First and foremost, I commend how put-together your essay is. Because you were able to integrate a lot of variation and dynamism into your writing, you were able to showcase how progressive your thoughts were throughout the writing. This makes it easy for the readers to understand the bulk of the text provided.

Having said these positives, I do recommend that you try to have a more analytical point of view when it comes to writing. Focus on curating information with ease through adding more substantive details. Take a glance at the example you've provided in the second paragraph. While it was great that you were trying to incorporate more real-life examples from your viewpoint, it would not be sustainable in the long-run given how you need more concrete and external options to carry you further.

Conclusion also needs a bit more work. Enhance this through adding more analysis by merging together your thoughts from all the paragraphs prior.
habebl - / 1  
Sep 9, 2019   #3
@yui meow
Hey there,
What I like about your essay is, how you structured the text. It is easy to follow your arguments. Another thing that I like is how you used linking words like "Furthermore", "To start with" or "Although".

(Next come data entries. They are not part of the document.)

lemma preimage_compact_uniformly_off_support:
  fixes f :: "real ^ 'n \<Rightarrow> 'b::euclidean_space" and T :: "'n set"
  assumes "linear f" "compact K"
    and no_support: "\<And>y. f y \<in> K \<Longrightarrow> \<exists>i. i \<notin> T \<and> y $ i \<noteq> 0"
  shows "\<exists>e>0. \<forall>x. f x \<in> K \<longrightarrow> (\<exists>i. i \<notin> T \<and> e \<le> \<bar>x $ i\<bar>)"
proof -
  let ?L = "{y :: real ^ 'n. \<forall>i. i \<notin> T \<longrightarrow> y $ i = 0}"
  have "subspace ?L" unfolding subspace_def by auto
  then have "closed (f ` ?L)"
    using \<open>linear f\<close> by (intro closed_subspace linear_subspace_image)
  moreover have "K \<inter> f ` ?L = {}" using no_support by auto
  ultimately obtain d where d: "d > 0" "\<forall>u\<in>K. \<forall>w\<in>f ` ?L. d \<le> dist u w"
    using separate_compact_closed[OF \<open>compact K\<close>] by blast
  obtain C where C: "C > 0" "\<And>z. norm (f z) \<le> C * norm z"
    using linear_bounded_pos[OF \<open>linear f\<close>] by blast
  define e where "e = d / (2 * C * CARD('n))"
  have "e > 0" unfolding e_def using d C by simp
  moreover have "\<exists>i. i \<notin> T \<and> e \<le> \<bar>x $ i\<bar>" if "f x \<in> K" for x
  proof (rule ccontr)
    assume small: "\<not> ?thesis"
    define y :: "real ^ 'n" where "y = (\<chi> i. if i \<in> T then x $ i else 0)"
    have "f y \<in> f ` ?L" by (auto simp: y_def)
    then have "d \<le> dist (f x) (f y)" using d(2) that by blast
    also have "\<dots> \<le> C * norm (x - y)"
      using C(2) by (simp add: dist_norm linear_diff[OF \<open>linear f\<close>, symmetric])
    also have "norm (x - y) \<le> (\<Sum>i\<in>UNIV. \<bar>(x - y) $ i\<bar>)" by (rule norm_le_l1_cart)
    also have "\<dots> \<le> (\<Sum>i\<in>(UNIV::'n set). e)"
      using small by (intro sum_mono) (auto simp: y_def not_le less_imp_le \<open>e > 0\<close>)
    finally have "d \<le> C * (CARD('n) * e)" using C by (simp add: mult_left_mono)
    then show False using C d by (simp add: e_def)
  qed
  ultimately show ?thesis by blast
qed

lemma preimage_compact_many_large_coordinates:
  fixes f :: "real ^ 'n \<Rightarrow> 'b::euclidean_space"
  assumes "linear f" "compact K"
    and sparsity: "\<And>y. f y \<in> K \<Longrightarrow> k \<le> nnz y"
  shows "\<exists>\<epsilon>>0. \<forall>x. f x \<in> K \<longrightarrow> k \<le> card {i. \<epsilon> \<le> \<bar>x $ i\<bar>}"
proof -
  let ?Small = "{T :: 'n set. card T < k}"
  have "\<exists>e>0. \<forall>x. f x \<in> K \<longrightarrow> (\<exists>i. i \<notin> T \<and> e \<le> \<bar>x $ i\<bar>)" if "T \<in> ?Small" for T
  proof (rule preimage_compact_uniformly_off_support[OF assms(1,2)])
    fix y assume "f y \<in> K"
    show "\<exists>i. i \<notin> T \<and> y $ i \<noteq> 0"
    proof (rule ccontr)
      assume "\<not> ?thesis"
      then have "nnz y \<le> card T" unfolding nnz_def by (intro card_mono) auto
      then show False using sparsity[OF \<open>f y \<in> K\<close>] that by simp
    qed
  qed
  then obtain e where e: "\<And>T. T \<in> ?Small \<Longrightarrow>
      e T > 0 \<and> (\<forall>x. f x \<in> K \<longrightarrow> (\<exists>i. i \<notin> T \<and> e T \<le> \<bar>x $ i\<bar>))"
    by metis
  define \<epsilon> where "\<epsilon> = Min (insert 1 (e ` ?Small))"
  have \<epsilon>_le: "\<epsilon> \<le> e T" if "T \<in> ?Small" for T
    unfolding \<epsilon>_def using that by (intro Min_le) auto
  have "\<epsilon> > 0" unfolding \<epsilon>_def using e by (subst Min_gr_iff) auto
  moreover have "k \<le> card {i. \<epsilon> \<le> \<bar>x $ i\<bar>}" if x: "f x \<in> K" for x
  proof (rule ccontr)
    let ?T = "{i. \<epsilon> \<le> \<bar>x $ i\<bar>}"
    assume "\<not> k \<le> card ?T"
    then have "?T \<in> ?Small" by simp
    then obtain i where "i \<notin> ?T" "e ?T \<le> \<bar>x $ i\<bar>" using e x by blast
    then show False using \<epsilon>_le[OF \<open>?T \<in> ?Small\<close>] by simp
  qed
  ultimately show ?thesis by blast
qed

lemma feas_orig_eq: "feas_orig A b \<delta> = {p \<in> feas_pen A b \<delta>. snd p \<bullet> vabs (fst p) = 0}"
  unfolding feas_orig_def feas_pen_def by auto

lemma obj_pen_eq_obj_orig: "snd p \<bullet> vabs (fst p) = 0 \<Longrightarrow> obj_pen \<rho> p = obj_orig p"
  unfolding obj_pen_def obj_orig_def by simp

lemma obj_pen_eq_sum: "obj_pen \<rho> (x, v) = (\<Sum>i\<in>UNIV. 1 - v $ i + \<rho> * (v $ i * \<bar>x $ i\<bar>))"
  by (simp add: obj_pen_def inner_vec_def ones_def vabs_def sum.distrib sum_distrib_left)

lemma card_eq_sum_indicator: "card {i. P i} = (\<Sum>i\<in>(UNIV::'n::finite set). if P i then 1 else (0::real))"
  by (simp add: sum.If_cases)
lemma std_normal_distribution_Icc_pos:
  assumes "c < d"
  shows "measure std_normal_distribution {c..d} > 0"
proof -
  interpret N: real_distribution std_normal_distribution
    by (rule real_dist_normal_dist)
  have "{c..d} \<notin> null_sets lborel"
    using assms by (simp add: null_sets_def)
  then have "\<not> (AE x in lborel. x \<in> {c..d} \<longrightarrow> std_normal_density x = 0)"
    using AE_iff_null_sets[of "{c..d}" lborel] normal_density_pos[of 1 0] by (simp add: less_le)
  then have "{c..d} \<notin> null_sets std_normal_distribution"
    by (simp add: null_sets_density_iff)
  then show ?thesis
    by (simp add: null_sets_def N.emeasure_eq_measure less_le)
qed

lemma bm1_prob_increment_scaled:
  assumes bm: "bm1 M X" and "0 \<le> s" "s < t"
  shows "measure M {\<omega>\<in>space M. X t \<omega> - X s \<omega> \<in> {c * sqrt (t - s) .. d * sqrt (t - s)}}
           = measure std_normal_distribution {c..d}"
proof -
  interpret prob_space M
    using bm by (simp add: bm1_def)
  define \<sigma> where "\<sigma> = sqrt (t - s)"
  have "\<sigma> > 0"
    using \<open>s < t\<close> by (simp add: \<sigma>_def)
  have "distributed M lborel (\<lambda>\<omega>. X t \<omega> - X s \<omega>) (\<lambda>x. ennreal (normal_density 0 \<sigma> x))"
    using bm \<open>0 \<le> s\<close> \<open>s < t\<close> unfolding bm1_def \<sigma>_def by blast
  then have std: "distributed M lborel (\<lambda>\<omega>. (X t \<omega> - X s \<omega>) / \<sigma>) (\<lambda>x. ennreal (std_normal_density x))"
    using normal_standard_normal_convert[OF \<open>\<sigma> > 0\<close>, of "\<lambda>\<omega>. X t \<omega> - X s \<omega>" 0] by simp
  have "{\<omega>\<in>space M. X t \<omega> - X s \<omega> \<in> {c * \<sigma> .. d * \<sigma>}} = (\<lambda>\<omega>. (X t \<omega> - X s \<omega>) / \<sigma>) -` {c..d} \<inter> space M"
    using \<open>\<sigma> > 0\<close> by (auto simp: field_simps)
  also have "measure M \<dots> = measure (distr M lborel (\<lambda>\<omega>. (X t \<omega> - X s \<omega>) / \<sigma>)) {c..d}"
    using std[THEN distributed_measurable] by (intro measure_distr[symmetric]) auto
  also have "\<dots> = measure std_normal_distribution {c..d}"
    using std by (simp add: distributed_distr_eq_density)
  finally show ?thesis
    by (simp add: \<sigma>_def)
qed
(* Let $G$ be a countable directed graph and let $v_{1},v_{2},v_{3},v_{4}$ be mutually distinct vertices of $G$. Then the subsets $W^{*}(G)_{v_{1}}^{v_{2}}=L_{v_{1}}W^{*}(G)L_{v_{2}}$ and $W^{*}(G)_{v_{3}}^{v_{4}}=L_{v_{3}}W^{*}(G)L_{v_{4}}$ of $W^{*}(G)$ are free over $D_{G}$ in $(W^{*}(G),E)$.
   Context: $G$ is a countable directed graph with vertex set $V(G)$; $\mathbb{F}^{+}(G)$ is its free semigroupoid (all vertices and admissible finite paths). On $H_{G}=l^{2}(\mathbb{F}^{+}(G))$ with orthonormal basis $\{\xi_{w}\}$, $L_{w}\xi_{h}=\xi_{wh}$ if $wh\in\mathbb{F}^{+}(G)$ and $0$ otherwise; $L_{w}^{*}$ is its adjoint; $L_v$ ($v\in V(G)$) are projections. $W^{*}(G)$ is the weak-operator closure of the $*$-algebra generated by all $L_{w},L_{w}^{*}$; $D_{G}$ is the von Neumann subalgebra generated by the $L_{v}$. Each $a\in W^{*}(G)$ has Fourier expansion $a=\sum_{w\in\mathbb{F}^{+}(G:a),u_{w}\in\{1,*\}}p_{w}L_{w}^{u_{w}}$ ($p_w\neq0$) with $V(G:a)$ the set of vertices in the support. The conditional expectation $E:W^{*}(G)\to D_{G}$ is $E(a)=\sum_{v\in V(G:a)}p_{v}L_{v}$; "free over $D_G$" means free with amalgamation over $D_G$ with respect to $E$. *)

theory Defs
  imports "HOL-Analysis.Analysis" "Graph_Theory.Digraph"
begin

text \<open>Elements of the free semigroupoid: vertices, or nonempty finite admissible
  edge lists. Convention: e1 e2 is admissible iff head e1 = tail e2
  (edge e = s(e) e r(e), with s = tail, r = head).\<close>

datatype ('v,'e) fpath = Vtx 'v | Edg "'e list"

definition FP :: "('v,'e) pre_digraph \<Rightarrow> ('v,'e) fpath set" where
  "FP G = {Vtx v | v. v \<in> verts G} \<union>
     {Edg es | es. es \<noteq> [] \<and> set es \<subseteq> arcs G \<and>
        (\<forall>i. Suc i < length es \<longrightarrow> head G (es ! i) = tail G (es ! Suc i))}"
(* A regular semigroup is a generalized inverse semigroup if and only if it is isomorphic to a subsemigroup of a $\lambda$-semidirect product $K\rtimes_\lambda T$ of a rectangular band $K$ by an inverse semigroup $T$ (with respect to some action of $T$ on $K$).
   Context: A generalized inverse semigroup is an orthodox semigroup (regular semigroup whose idempotents form a subsemigroup) whose set of idempotents is a normal band ($efge=egfe$ for all idempotents $e,f,g$). A rectangular band is a semigroup satisfying $xx=x$ and $xyz=xz$. Let $K$ be a semigroup and $T$ an inverse semigroup; $T$ acts on $K$ if an antihomomorphism $t\mapsto\varepsilon_t$ from $T$ into the endomorphism monoid of $K$ is given (so $\varepsilon_u\varepsilon_t=\varepsilon_{tu}$); write ${}^t a$ for $a\varepsilon_t$. The $\lambda$-semidirect product $K\rtimes_\lambda T$ is the set $\{(a,t)\in K\times T: {}^{tt^{-1}}a=a\}$ with multiplication $(a,t)(b,u)=({}^{(tu)(tu)^{-1}}a\cdot {}^t b,\ tu)$. *)

theory Defs
  imports Main
begin

definition sgrp :: "'a set \<Rightarrow> ('a \<Rightarrow> 'a \<Rightarrow> 'a) \<Rightarrow> bool" where
  "sgrp S m \<longleftrightarrow> (\<forall>x\<in>S. \<forall>y\<in>S. m x y \<in> S) \<and>
     (\<forall>x\<in>S. \<forall>y\<in>S. \<forall>z\<in>S. m (m x y) z = m x (m y z))"

definition regular_sgrp :: "'a set \<Rightarrow> ('a \<Rightarrow> 'a \<Rightarrow> 'a) \<Rightarrow> bool" where
  "regular_sgrp S m \<longleftrightarrow> sgrp S m \<and> (\<forall>a\<in>S. \<exists>x\<in>S. m (m a x) a = a)"
(* Let $d\ge1$, $r\ge1$, $n\ge d+2$, and let $K$ be a set of $d$-simplices of $K_n^d$ such that every $d$-hypercut $H$ satisfies $|\mathrm{Supp}(H)\cap K|\ge r$. Then the facet graph $G_d(K)$ is $(d+r-1)$-connected.
   Context: Fix a field $\mathbb F$. A $d$-simplex is a $(d+1)$-element subset of $[n]$ oriented by increasing order; $K_n^d$ is the complex of all subsets of $[n]$ of size at most $d+1$. For a simplex $\rho$ and $\tau=\rho\setminus\{p\}$ with $p$ the $i$-th smallest element of $\rho$, $\mathrm{sign}(\rho,\tau)=(-1)^{i-1}$. A $d$-cochain is a formal $\mathbb F$-combination of $d$-simplices; the coboundary is $\delta\tau=\sum_{p\in[n]\setminus\tau}\mathrm{sign}(\tau\cup\{p\},\tau)(\tau\cup\{p\})$, extended linearly. A $d$-cocycle is a $d$-cochain $Z$ with $\delta Z=0$; a $d$-hypercut is a nonzero $d$-cocycle $H$ such that every $d$-cocycle supported in $\mathrm{Supp}(H)$ is a scalar multiple of $H$. The facet graph $G_d(K)$ has vertex set $K$, two $d$-simplices adjacent iff they share a $(d-1)$-face. A graph is $k$-connected if deleting any set of fewer than $k$ of its vertices leaves a nonempty connected graph. *)

theory Defs
  imports Main
begin

text \<open>A d-cochain over a field 'a is a function from nat sets to 'a vanishing outside
  the d-simplices; its value at a simplex is the coefficient of that simplex.\<close>

definition simplices :: "nat \<Rightarrow> nat \<Rightarrow> nat set set" where
  "simplices n k = {s. s \<subseteq> {1..n} \<and> card s = k + 1}"

definition cochain :: "nat \<Rightarrow> nat \<Rightarrow> (nat set \<Rightarrow> 'a::field) \<Rightarrow> bool" where
  "cochain n d f \<longleftrightarrow> (\<forall>s. s \<notin> simplices n d \<longrightarrow> f s = 0)"

text \<open>sign(rho, rho - {p}) = (-1)^(i-1) where p is the i-th smallest element of rho.\<close>
definition simplex_sign :: "nat set \<Rightarrow> nat \<Rightarrow> 'a::field" where
  "simplex_sign \<rho> p = (-1) ^ card {q \<in> \<rho>. q < p}"

definition coboundary :: "nat \<Rightarrow> nat \<Rightarrow> (nat set \<Rightarrow> 'a::field) \<Rightarrow> nat set \<Rightarrow> 'a" where
  "coboundary n d f \<rho> =
     (if \<rho> \<in> simplices n (d + 1) then (\<Sum>p\<in>\<rho>. simplex_sign \<rho> p * f (\<rho> - {p})) else 0)"
lemma U_Z_pow_Suc_col_down:
  "mpow (U_Z c) (Suc n) j (i, False) =
    c (i+1) $ 2 $ 1 * mpow (U_Z c) n j (i+1, True) + c (i+1) $ 2 $ 2 * mpow (U_Z c) n j (i+1, False)"
proof -
  have "mpow (U_Z c) (Suc n) j (i, False) = U_Z c (i+1, True) (i, False) * mpow (U_Z c) n j (i+1, True)
      + U_Z c (i+1, False) (i, False) * mpow (U_Z c) n j (i+1, False)"
  proof (rule mpow_Suc_right_two_entries)
    fix l :: "int \<times> bool" assume "l \<noteq> (i+1, True)" "l \<noteq> (i+1, False)"
    then show "U_Z c l (i, False) = 0" using U_Z_nonzero_cases[of c l "(i, False)"] by (cases l) auto
  qed simp
  then show ?thesis by (simp add: U_Z_def spin_idx_def)
qed

lemma U_Z_entries_in_column_span:
  fixes k :: "int \<times> bool"
  assumes c11: "\<And>i. c i $ 1 $ 1 \<noteq> 0" and c22: "\<And>i. c i $ 2 $ 2 \<noteq> 0"
  defines "M \<equiv> {\<lambda>n. mpow (U_Z c) n (0, True) k, \<lambda>n. mpow (U_Z c) n (-1, False) k}"
  shows "shift_span M (\<lambda>n. mpow (U_Z c) n (i, True) k) \<and>
         shift_span M (\<lambda>n. mpow (U_Z c) n (i - 1, False) k)"
proof (induction i rule: int_induct[where k = 0])
  case base
  then show ?case by (auto simp: M_def intro: shift_span.base)
next
  case (step1 i)
  have up: "shift_span M (\<lambda>n. mpow (U_Z c) n (i+1, True) k)"
  proof (rule shift_span_solve_recurrence[OF step1(2)[THEN conjunct1] step1(2)[THEN conjunct2] c11])
    show "mpow (U_Z c) (Suc n) (i, True) k =
        c i $ 1 $ 1 * mpow (U_Z c) n (i+1, True) k + c i $ 2 $ 1 * mpow (U_Z c) n (i-1, False) k" for n
      by (rule U_Z_pow_Suc_row_up)
  qed
  moreover have "shift_span M (\<lambda>n. mpow (U_Z c) n (i, False) k)"
  proof (rule shift_span_recurrence[OF up step1(2)[THEN conjunct2]])
    show "mpow (U_Z c) (Suc n) (i, False) k =
        c i $ 1 $ 2 * mpow (U_Z c) n (i+1, True) k + c i $ 2 $ 2 * mpow (U_Z c) n (i-1, False) k" for n
      by (rule U_Z_pow_Suc_row_down)
  qed
  ultimately show ?case by simp
next
  case (step2 i)
  have down: "shift_span M (\<lambda>n. mpow (U_Z c) n (i-2, False) k)"
  proof (rule shift_span_solve_recurrence[OF step2(2)[THEN conjunct2] step2(2)[THEN conjunct1] c22])
    show "mpow (U_Z c) (Suc n) (i - 1, False) k =
        c (i-1) $ 2 $ 2 * mpow (U_Z c) n (i-2, False) k + c (i-1) $ 1 $ 2 * mpow (U_Z c) n (i, True) k" for n
      using U_Z_pow_Suc_row_down[of c n "i-1" k] by (simp add: algebra_simps)
  qed
  moreover have "shift_span M (\<lambda>n. mpow (U_Z c) n (i-1, True) k)"
  proof (rule shift_span_recurrence[OF step2(2)[THEN conjunct1] down])
    show "mpow (U_Z c) (Suc n) (i - 1, True) k =
        c (i-1) $ 1 $ 1 * mpow (U_Z c) n (i, True) k + c (i-1) $ 2 $ 1 * mpow (U_Z c) n (i-2, False) k" for n
      using U_Z_pow_Suc_row_up[of c n "i-1" k] by (simp add: algebra_simps)
  qed
  ultimately show ?case by (simp add: diff_diff_eq)
qed

lemma U_Z_entries_in_row_span:
  fixes j :: "int \<times> bool"
  assumes c11: "\<And>i. c i $ 1 $ 1 \<noteq> 0" and c22: "\<And>i. c i $ 2 $ 2 \<noteq> 0"
  defines "M \<equiv> {\<lambda>n. mpow (U_Z c) n j (0, True), \<lambda>n. mpow (U_Z c) n j (-1, False)}"
  shows "shift_span M (\<lambda>n. mpow (U_Z c) n j (i, True)) \<and>
         shift_span M (\<lambda>n. mpow (U_Z c) n j (i - 1, False))"
proof (induction i rule: int_induct[where k = 0])
  case base
  then show ?case by (auto simp: M_def intro: shift_span.base)
next
  case (step1 i)
  have down: "shift_span M (\<lambda>n. mpow (U_Z c) n j (i, False))"
  proof (rule shift_span_solve_recurrence[OF step1(2)[THEN conjunct2] step1(2)[THEN conjunct1] c22])
    show "mpow (U_Z c) (Suc n) j (i - 1, False) =
        c i $ 2 $ 2 * mpow (U_Z c) n j (i, False) + c i $ 2 $ 1 * mpow (U_Z c) n j (i, True)" for n
      using U_Z_pow_Suc_col_down[of c n j "i-1"] by (simp add: algebra_simps)
  qed
  moreover have "shift_span M (\<lambda>n. mpow (U_Z c) n j (i+1, True))"
  proof (rule shift_span_recurrence[OF step1(2)[THEN conjunct1] down])
    show "mpow (U_Z c) (Suc n) j (i + 1, True) =
        c i $ 1 $ 1 * mpow (U_Z c) n j (i, True) + c i $ 1 $ 2 * mpow (U_Z c) n j (i, False)" for n
      using U_Z_pow_Suc_col_up[of c n j "i+1"] by simp
  qed
  ultimately show ?case by simp
next
  case (step2 i)
  have up: "shift_span M (\<lambda>n. mpow (U_Z c) n j (i-1, True))"
  proof (rule shift_span_solve_recurrence[OF step2(2)[THEN conjunct1] step2(2)[THEN conjunct2] c11])
    show "mpow (U_Z c) (Suc n) j (i, True) =
        c (i-1) $ 1 $ 1 * mpow (U_Z c) n j (i-1, True) + c (i-1) $ 1 $ 2 * mpow (U_Z c) n j (i-1, False)" for n
      by (rule U_Z_pow_Suc_col_up)
  qed
  moreover have "shift_span M (\<lambda>n. mpow (U_Z c) n j (i-2, False))"
  proof (rule shift_span_recurrence[OF up step2(2)[THEN conjunct2]])
    show "mpow (U_Z c) (Suc n) j (i - 2, False) =
        c (i-1) $ 2 $ 1 * mpow (U_Z c) n j (i-1, True) + c (i-1) $ 2 $ 2 * mpow (U_Z c) n j (i-1, False)" for n
      using U_Z_pow_Suc_col_down[of c n j "i-2"] by (simp add: algebra_simps)
  qed
  ultimately show ?case by (simp add: diff_diff_eq)
qed

definition unfold_state :: "int \<times> bool \<Rightarrow> nat" where
  "unfold_state x =
    (if fst x \<ge> 0 then (if snd x then 4 * nat (fst x) else 4 * nat (fst x) + 3)
     else (if snd x then 4 * nat (- fst x - 1) + 2 else 4 * nat (- fst x - 1) + 1))"

lemma fold_state_mod_4:
  "fold_state (4*m) = (int m, True)" "fold_state (4*m+1) = (-(int m+1), False)"
  "fold_state (4*m+2) = (-(int m+1), True)" "fold_state (4*m+3) = (int m, False)"
proof -
  have div_mod: "(4*m) div 4 = m" "(4*m) mod 4 = 0" "(4*m+1) div 4 = m" "(4*m+1) mod 4 = 1"
    "(4*m+2) div 4 = m" "(4*m+2) mod 4 = 2" "(4*m+3) div 4 = m" "(4*m+3) mod 4 = 3" by presburger+
  show "fold_state (4*m) = (int m, True)" "fold_state (4*m+1) = (-(int m+1), False)"
    "fold_state (4*m+2) = (-(int m+1), True)" "fold_state (4*m+3) = (int m, False)"
    unfolding fold_state_def Let_def by (simp_all only: div_mod) simp_all
qed

lemma fold_unfold_state: "fold_state (unfold_state x) = x"
proof (cases x)
  case (Pair i b)
  then show ?thesis
    using fold_state_mod_4[of "nat i"] fold_state_mod_4[of "nat (- i - 1)"]
    by (cases b) (auto simp: unfold_state_def)
qed

lemma unfold_fold_state: "unfold_state (fold_state p) = p"
proof -
  have "p = 4*(p div 4) \<or> p = 4*(p div 4)+1 \<or> p = 4*(p div 4)+2 \<or> p = 4*(p div 4)+3" by presburger
  then show ?thesis
    using fold_state_mod_4[of "p div 4"] by (auto simp: unfold_state_def)
qed

lemma mpow_U_fold: "mpow (U_fold c) n p q = mpow (U_Z c) n (fold_state p) (fold_state q)"
proof (induction n arbitrary: q)
  case 0
  have "p = q \<longleftrightarrow> fold_state p = fold_state q" by (metis unfold_fold_state)
  then show ?case by simp
next
  case (Suc n)
  show ?case unfolding mpow.simps
    by (rule infsum_reindex_bij_witness[where i = unfold_state and j = fold_state])
       (auto simp: fold_unfold_state unfold_fold_state Suc.IH U_fold_def)
qed

lemma mom_Z_entry:
  "mom_Z c n $ a $ b =
    mpow (U_Z c) n (if a = 1 then (0, True) else (-1, False)) (if b = 1 then (0, True) else (-1, False))"
  by (simp add: mom_Z_def block_def mpow_U_fold idx2_def fold_state_def)

lemma mom_Z_generates_entries:
  "g \<in> {\<lambda>n. mom_Z c n $ a $ b | a b. True} \<Longrightarrow> \<exists>j k. g = (\<lambda>n. mpow (U_Z c) n j k)"
  unfolding mom_Z_entry by blast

Because you are preparing for TOEFL, I do recommend that you try to extend your essay. Now you used 339 words. Try to make it 400-500.

But all in all, a good essay as far as I can say.
OP yui meow 2 / 4 1  
Sep 16, 2019   #4
@Maria
Hi Maria, thank you so much for your helpful suggestions! Indeed I need to work more on the reasoning part after the first sentence in the body paragraph, and maybe add another sentence to link the example to the reasoning. I also plan to paraphrase the main reasons again in the conclusion to make it more "conclusive".
OP yui meow 2 / 4 1  
Sep 16, 2019   #5
@habebl
Hi habebl, thank you for your advice! Yeah it's better to have a longer essay. I extended the second paragraph and the conclusion, and it has reached 400-500 words.

@yui meow
Version 2 with longer 2nd paragraph and conclusions

... due to the reasons in communication, support and common interests.

Furthermore, ...

... of new friends in a short time, and this is because a small friend circle provide easier communication, more available support and more enjoyable group activities.